• LISTED RECORDS:
lemma congestion_hard_flows_ge:
  assumes "3 \<le> R" and r: "r \<in> routings (Suc n) (hard_flows n)"
  shows "3/2 \<le> congestion (Suc n) R (hard_flows n) r"
proof (rule ccontr)
  assume "\<not> 3/2 \<le> congestion (Suc n) R (hard_flows n) r"
  then have apart: "r!x \<noteq> r!y"
    if "x < 2*n + 3" "y < 2*n + 3" "x \<noteq> y" "3/2 \<le> dem (hard_flow n x) + dem (hard_flow n y)"
      "fin (hard_flow n x) = fin (hard_flow n y) \<or> fout (hard_flow n x) = fout (hard_flow n y)" for x y
    using hard_flows_routes_apart[OF assms(1) r _ that] by simp
  have meets: "\<exists>y\<in>S. r!x = r!y"
    if "S \<subseteq> {..<2*n + 3}" "card S = Suc n" "x < 2*n + 3"
      "\<And>y z. y \<in> S \<Longrightarrow> z \<in> S \<Longrightarrow> y \<noteq> z \<Longrightarrow> r!y \<noteq> r!z" for S x
    using that by (intro ex_same_route_if_inj_on[OF r]) (auto intro: inj_onI)
  obtain y where y: "y \<in> {n..2*n}" "r!(2*n + 1) = r!y"
    using meets[of "{n..2*n}" "2*n + 1"] apart by (force simp: hard_flow_def)
  then have CD: "r!(2*n + 1) = r!(2*n)"
    using apart[of "2*n + 1" y] by (cases "y = 2*n") (simp_all add: hard_flow_def)
  obtain y where y: "y \<in> insert (2*n + 1) {..<n}" "r!(2*n + 2) = r!y"
    using meets[of "insert (2*n + 1) {..<n}" "2*n + 2"] apart by (force simp: hard_flow_def)
  then have DE: "r!(2*n + 2) = r!(2*n + 1)"
    using apart[of "2*n + 2" y] by (cases "y = 2*n + 1") (simp_all add: hard_flow_def)
  show False
    using apart[of "2*n" "2*n + 2"] CD DE by (simp add: hard_flow_def)
qed

lemma OPT_hard_flows:
  assumes "3 \<le> R"
  shows "OPT (Suc n) R (hard_flows n) = 3/2"
proof (rule OPT_eqI)
  show "hard_routing n \<in> routings (Suc n) (hard_flows n)"
    by (rule hard_routing_in_routings)
  show "congestion (Suc n) R (hard_flows n) (hard_routing n) \<le> 3/2"
    using assms by (intro congestion_hard_routing) simp
  show "3/2 \<le> congestion (Suc n) R (hard_flows n) r" if "r \<in> routings (Suc n) (hard_flows n)" for r
    using assms that by (rule congestion_hard_flows_ge)
qed

theorem mainTheorem2:
  fixes N R :: nat
  assumes "N \<ge> 2" and "R \<ge> N + 1"
  shows "\<exists>F. valid_flows N R F \<and> (\<forall>f\<in>set F. dem f = 1 \<or> dem f = 1/2) \<and> OPT N R F = 3/2"
proof -
  obtain n where N: "N = Suc n" and "0 < n"
    using assms(1) by (cases N) auto
  have "3 \<le> R"
    using assms by simp
  show ?thesis
  proof (intro exI conjI)
    show "valid_flows N R (hard_flows n)"
      unfolding N using \<open>0 < n\<close> \<open>3 \<le> R\<close> by (rule valid_hard_flows)
    show "\<forall>f\<in>set (hard_flows n). dem f = 1 \<or> dem f = 1/2"
      unfolding hard_flows_def set_map using dem_hard_flow by blast
    show "OPT N R (hard_flows n) = 3/2"
      unfolding N using \<open>3 \<le> R\<close> by (rule OPT_hard_flows)
  qed
qed

end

• TASK BRIEF:
Starting with the first line of the listing above, copy each line exactly until you have copied the line containing "y) \<or> fout". Stop there.

• SOLUTION TO THIS PROBLEM:
lemma congestion_hard_flows_ge:
  assumes "3 \<le> R" and r: "r \<in> routings (Suc n) (hard_flows n)"
  shows "3/2 \<le> congestion (Suc n) R (hard_flows n) r"
proof (rule ccontr)
  assume "\<not> 3/2 \<le> congestion (Suc n) R (hard_flows n) r"
  then have apart: "r!x \<noteq> r!y"
    if "x < 2*n + 3" "y < 2*n + 3" "x \<noteq> y" "3/2 \<le> dem (hard_flow n x) + dem (hard_flow n y)"
      "fin (hard_flow n x) = fin (hard_flow n y) \<or> fout (hard_flow n x) = fout (hard_flow n y)" for x y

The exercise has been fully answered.